* EXERCISE INPUT:

(* Let $\mathcal{N}^g=\{n: T(n)\in\mathcal{G}\}$ be the target set. Then LevinTS run with policy $\pi$ satisfies $$N(\mathrm{LevinTS},\mathcal{N}^g)\le \min_{n\in\mathcal{N}^g}\frac{\ell(n)}{\pi(n)},$$ where $N(\mathrm{LevinTS},\mathcal{N}^g)$ is the number of node selections made by LevinTS up to and including the first selected node belonging to $\mathcal{N}^g$.
   Context: Setting: a finite action set $\mathcal{A}$, a set of states $\mathcal{S}$ with initial state $s_0$, a deterministic transition function $T:\mathcal{S}\times\mathcal{A}\to\mathcal{S}$, and a set of goal states $\mathcal{G}\subseteq\mathcal{S}$. Nodes are finite sequences of actions; the root $n_0$ is the empty sequence; $T(n)$ is the state reached from $s_0$ by applying the actions of $n$ in order; the children of $n$ are $na$, $a\in\mathcal{A}$. For a node $n$ consisting of $t$ actions, $\ell(n):=t+1$. A policy is a function $\pi$ from nodes to $[0,1]$ with $\pi(n_0)=1$ and $\pi(n)=\sum_{a\in\mathcal{A}}\pi(na)$; $\pi(a\mid n)=\pi(na)/\pi(n)$; $\ell(n)/\pi(n)=+\infty$ if $\pi(n)=0$. The policy is Markovian if $\pi(a\mid n_1)=\pi(a\mid n_2)$ whenever $T(n_1)=T(n_2)$. LevinTS: maintain a frontier $\mathcal{F}$, initially $\{n_0\}$, and a record set $\mathcal{V}$, initially $\emptyset$. While $\mathcal{F}\neq\emptyset$: remove from $\mathcal{F}$ a node $n$ minimizing $\ell(n)/\pi(n)$ (this counts as one node selection/expansion); if $T(n)\in\mathcal{G}$, stop with success; if $\pi$ is Markovian, then if there is $n'\in\mathcal{V}$ with $T(n')=T(n)$ and $\pi(n')\ge\pi(n)$, skip to the next iteration (state cut), and otherwise add $n$ to $\mathcal{V}$; finally add all children of $n$ to $\mathcal{F}$. *)

theory Defs
  imports Complex_Main "HOL-Library.Extended_Real"
begin

text \<open>Nodes are action lists (actions applied in order from the root).
  The state reached by a node: apply the actions of n in order from s0.\<close>
definition node_state :: "('s \<Rightarrow> 'a \<Rightarrow> 's) \<Rightarrow> 's \<Rightarrow> 'a list \<Rightarrow> 's" where
  "node_state T s0 n = fold (\<lambda>a s. T s a) n s0"

definition node_len :: "'a list \<Rightarrow> nat" where
  "node_len n = length n + 1"

definition is_policy :: "('a::finite list \<Rightarrow> real) \<Rightarrow> bool" where
  "is_policy \<pi> \<longleftrightarrow> \<pi> [] = 1 \<and> (\<forall>n. 0 \<le> \<pi> n \<and> \<pi> n \<le> 1)
     \<and> (\<forall>n. \<pi> n = (\<Sum>a\<in>UNIV. \<pi> (n @ [a])))"

definition cond_pol :: "('a list \<Rightarrow> real) \<Rightarrow> 'a \<Rightarrow> 'a list \<Rightarrow> real" where
  "cond_pol \<pi> a n = \<pi> (n @ [a]) / \<pi> n"

definition markovian :: "('s \<Rightarrow> 'a \<Rightarrow> 's) \<Rightarrow> 's \<Rightarrow> ('a list \<Rightarrow> real) \<Rightarrow> bool" where
  "markovian T s0 \<pi> \<longleftrightarrow> (\<forall>n1 n2 a. node_state T s0 n1 = node_state T s0 n2 \<longrightarrow>
       cond_pol \<pi> a n1 = cond_pol \<pi> a n2)"

definition levin_cost :: "('a list \<Rightarrow> real) \<Rightarrow> 'a list \<Rightarrow> ereal" where
  "levin_cost \<pi> n = (if \<pi> n = 0 then \<infinity> else ereal (real (node_len n) / \<pi> n))"

text \<open>A configuration: (frontier F, record set V, stopped-with-success flag).
  sel k F is the node selected at iteration k (tie-breaking rule).\<close>
definition levin_step ::
  "('s \<Rightarrow> 'a::finite \<Rightarrow> 's) \<Rightarrow> 's \<Rightarrow> 's set \<Rightarrow> ('a list \<Rightarrow> real)
   \<Rightarrow> (nat \<Rightarrow> 'a list set \<Rightarrow> 'a list) \<Rightarrow> nat
   \<Rightarrow> 'a list set \<times> 'a list set \<times> bool \<Rightarrow> 'a list set \<times> 'a list set \<times> bool" where
  "levin_step T s0 G \<pi> sel k c =
     (case c of (F, V, stop) \<Rightarrow>
       if stop \<or> F = {} then (F, V, stop)
       else (let n = sel k F; F' = F - {n} in
         if node_state T s0 n \<in> G then (F', V, True)
         else if markovian T s0 \<pi> \<and>
                 (\<exists>n'\<in>V. node_state T s0 n' = node_state T s0 n \<and> \<pi> n' \<ge> \<pi> n)
         then (F', V, False)
         else (F' \<union> {n @ [a] | a. True},
               (if markovian T s0 \<pi> then V \<union> {n} else V), False)))"

fun levin_run ::
  "('s \<Rightarrow> 'a::finite \<Rightarrow> 's) \<Rightarrow> 's \<Rightarrow> 's set \<Rightarrow> ('a list \<Rightarrow> real)
   \<Rightarrow> (nat \<Rightarrow> 'a list set \<Rightarrow> 'a list) \<Rightarrow> nat \<Rightarrow> 'a list set \<times> 'a list set \<times> bool" where
  "levin_run T s0 G \<pi> sel 0 = ({[]}, {}, False)"
| "levin_run T s0 G \<pi> sel (Suc k) = levin_step T s0 G \<pi> sel k (levin_run T s0 G \<pi> sel k)"

text \<open>Number of node selections up to and including the first selected goal node
  (infinity if no goal node is ever selected). Success is recorded after
  selection number k+1 exactly when the stop flag first becomes true at run index k+1.\<close>
definition levin_N ::
  "('s \<Rightarrow> 'a::finite \<Rightarrow> 's) \<Rightarrow> 's \<Rightarrow> 's set \<Rightarrow> ('a list \<Rightarrow> real)
   \<Rightarrow> (nat \<Rightarrow> 'a list set \<Rightarrow> 'a list) \<Rightarrow> ereal" where
  "levin_N T s0 G \<pi> sel =
     (if \<exists>k. snd (snd (levin_run T s0 G \<pi> sel k))
      then ereal (real (LEAST k. snd (snd (levin_run T s0 G \<pi> sel k))))
      else \<infinity>)"

definition valid_choice :: "('a list \<Rightarrow> real) \<Rightarrow> (nat \<Rightarrow> 'a list set \<Rightarrow> 'a list) \<Rightarrow> bool" where
  "valid_choice \<pi> sel \<longleftrightarrow> (\<forall>k F. finite F \<and> F \<noteq> {} \<longrightarrow>
      sel k F \<in> F \<and> (\<forall>m\<in>F. levin_cost \<pi> (sel k F) \<le> levin_cost \<pi> m))"

end

theory Submission
  imports Defs "HOL-Library.Sublist"
begin

text \<open>Let \<open>g\<close> be a goal node with \<open>\<pi> g > 0\<close> and \<open>c = \<ell>(g) / \<pi>(g)\<close>. As long as the
  search has not stopped, some frontier node has cost at most \<open>c\<close>: either an ancestor of \<open>g\<close>
  is on the frontier, or the path to \<open>g\<close> was cut at a node dominated by an expanded node with
  the same state, and for a Markovian policy the dominance carries over to every extension.
  Nodes are selected in order of cost, so all \<open>k + 1\<close> nodes selected up to step \<open>k\<close> satisfy
  \<open>\<ell>(n) \<le> c \<pi>(n)\<close>. A finite set of such nodes has at most \<open>c\<close> elements: its prefix-maximal
  elements form a prefix-free set, whose probabilities sum to at most 1, and each of them has
  \<open>\<ell>(n)\<close> prefixes. Hence the search stops after at most \<open>c\<close> selections.\<close>

lemma levin_cost_pos: "0 < \<pi> n \<Longrightarrow> levin_cost \<pi> n = ereal (real (node_len n) / \<pi> n)"
  by (simp add: levin_cost_def)
lemma collinear_if_gradients_collinear:
  fixes S :: "(real^3) set"
  assumes level: "\<And>\<sigma>. \<sigma> \<in> S \<Longrightarrow> affine_of \<sigma> \<eta> = c"
    and grad: "\<And>a b x. a \<in> S \<Longrightarrow> b \<in> S \<Longrightarrow> x \<in> S \<Longrightarrow>
      (b$2 - a$2) * (x$3 - a$3) = (b$3 - a$3) * (x$2 - a$2)"
  shows "collinear S"
proof (cases "\<exists>a\<in>S. \<exists>b\<in>S. a \<noteq> b")
  case False
  then have "S = {} \<or> (\<exists>a. S = {a})" by blast
  then show ?thesis by auto
next
  case True
  then obtain a b where ab: "a \<in> S" "b \<in> S" "a \<noteq> b" by blast
  define p q where "p = b$2 - a$2" and "q = b$3 - a$3"
  have pq: "p\<^sup>2 + q\<^sup>2 \<noteq> 0"
  proof
    assume "p\<^sup>2 + q\<^sup>2 = 0"
    then have "b$2 = a$2" "b$3 = a$3" by (auto simp: p_def q_def)
    moreover from this have "b$1 = a$1"
      using level[OF ab(1)] level[OF ab(2)] by (simp add: affine_of_def)
    ultimately show False using ab(3) by (simp add: vec_eq_iff forall_3)
  qed
  show ?thesis
    unfolding collinear_alt
  proof (intro exI ballI)
    fix x assume x: "x \<in> S"
    define r s where "r = x$2 - a$2" and "s = x$3 - a$3"
    define t where "t = (p * r + q * s) / (p\<^sup>2 + q\<^sup>2)"
    have g: "p * s = q * r" using grad[OF ab(1,2) x] by (simp add: p_def q_def r_def s_def)
    have "(p * r + q * s) * p = r * (p\<^sup>2 + q\<^sup>2)" "(p * r + q * s) * q = s * (p\<^sup>2 + q\<^sup>2)"
      using g by (simp_all add: power2_eq_square algebra_simps)
    then have "t * p = r" "t * q = s"
      using pq by (simp_all add: t_def)
    then have 2: "x$2 = a$2 + t * (b$2 - a$2)" and 3: "x$3 = a$3 + t * (b$3 - a$3)"
      unfolding p_def q_def r_def s_def by simp_all
    have "x$1 - a$1 = r * Re \<eta> + s * Im \<eta>" "b$1 - a$1 = p * Re \<eta> + q * Im \<eta>"
      using level[OF ab(1)] level[OF ab(2)] level[OF x]
      by (simp_all add: affine_of_def p_def q_def r_def s_def algebra_simps)
    moreover have "t * (p * Re \<eta> + q * Im \<eta>) = r * Re \<eta> + s * Im \<eta>"
      using \<open>t * p = r\<close> \<open>t * q = s\<close> by (simp add: distrib_left flip: mult.assoc)
    ultimately have 1: "x$1 = a$1 + t * (b$1 - a$1)" by simp
    show "x = a + t *\<^sub>R (b - a)"
      using 1 2 3 by (simp add: vec_eq_iff forall_3)
  qed
qed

* WHAT THE TASK REQUIRES: All lines in the data above from the one with "most \<open>c\<close> selections.\<close>" through the one with "using level[OF ab(1)] level[OF ab(2)] level[OF" must be repeated exactly, and no others.

* EXERCISE RESPONSE:
  \<open>\<ell>(n)\<close> prefixes. Hence the search stops after at most \<open>c\<close> selections.\<close>

lemma levin_cost_pos: "0 < \<pi> n \<Longrightarrow> levin_cost \<pi> n = ereal (real (node_len n) / \<pi> n)"
  by (simp add: levin_cost_def)
lemma collinear_if_gradients_collinear:
  fixes S :: "(real^3) set"
  assumes level: "\<And>\<sigma>. \<sigma> \<in> S \<Longrightarrow> affine_of \<sigma> \<eta> = c"
    and grad: "\<And>a b x. a \<in> S \<Longrightarrow> b \<in> S \<Longrightarrow> x \<in> S \<Longrightarrow>
      (b$2 - a$2) * (x$3 - a$3) = (b$3 - a$3) * (x$2 - a$2)"
  shows "collinear S"
proof (cases "\<exists>a\<in>S. \<exists>b\<in>S. a \<noteq> b")
  case False
  then have "S = {} \<or> (\<exists>a. S = {a})" by blast
  then show ?thesis by auto
next
  case True
  then obtain a b where ab: "a \<in> S" "b \<in> S" "a \<noteq> b" by blast
  define p q where "p = b$2 - a$2" and "q = b$3 - a$3"
  have pq: "p\<^sup>2 + q\<^sup>2 \<noteq> 0"
  proof
    assume "p\<^sup>2 + q\<^sup>2 = 0"
    then have "b$2 = a$2" "b$3 = a$3" by (auto simp: p_def q_def)
    moreover from this have "b$1 = a$1"
      using level[OF ab(1)] level[OF ab(2)] by (simp add: affine_of_def)
    ultimately show False using ab(3) by (simp add: vec_eq_iff forall_3)
  qed
  show ?thesis
    unfolding collinear_alt
  proof (intro exI ballI)
    fix x assume x: "x \<in> S"
    define r s where "r = x$2 - a$2" and "s = x$3 - a$3"
    define t where "t = (p * r + q * s) / (p\<^sup>2 + q\<^sup>2)"
    have g: "p * s = q * r" using grad[OF ab(1,2) x] by (simp add: p_def q_def r_def s_def)
    have "(p * r + q * s) * p = r * (p\<^sup>2 + q\<^sup>2)" "(p * r + q * s) * q = s * (p\<^sup>2 + q\<^sup>2)"
      using g by (simp_all add: power2_eq_square algebra_simps)
    then have "t * p = r" "t * q = s"
      using pq by (simp_all add: t_def)
    then have 2: "x$2 = a$2 + t * (b$2 - a$2)" and 3: "x$3 = a$3 + t * (b$3 - a$3)"
      unfolding p_def q_def r_def s_def by simp_all
    have "x$1 - a$1 = r * Re \<eta> + s * Im \<eta>" "b$1 - a$1 = p * Re \<eta> + q * Im \<eta>"
      using level[OF ab(1)] level[OF ab(2)] level[OF x]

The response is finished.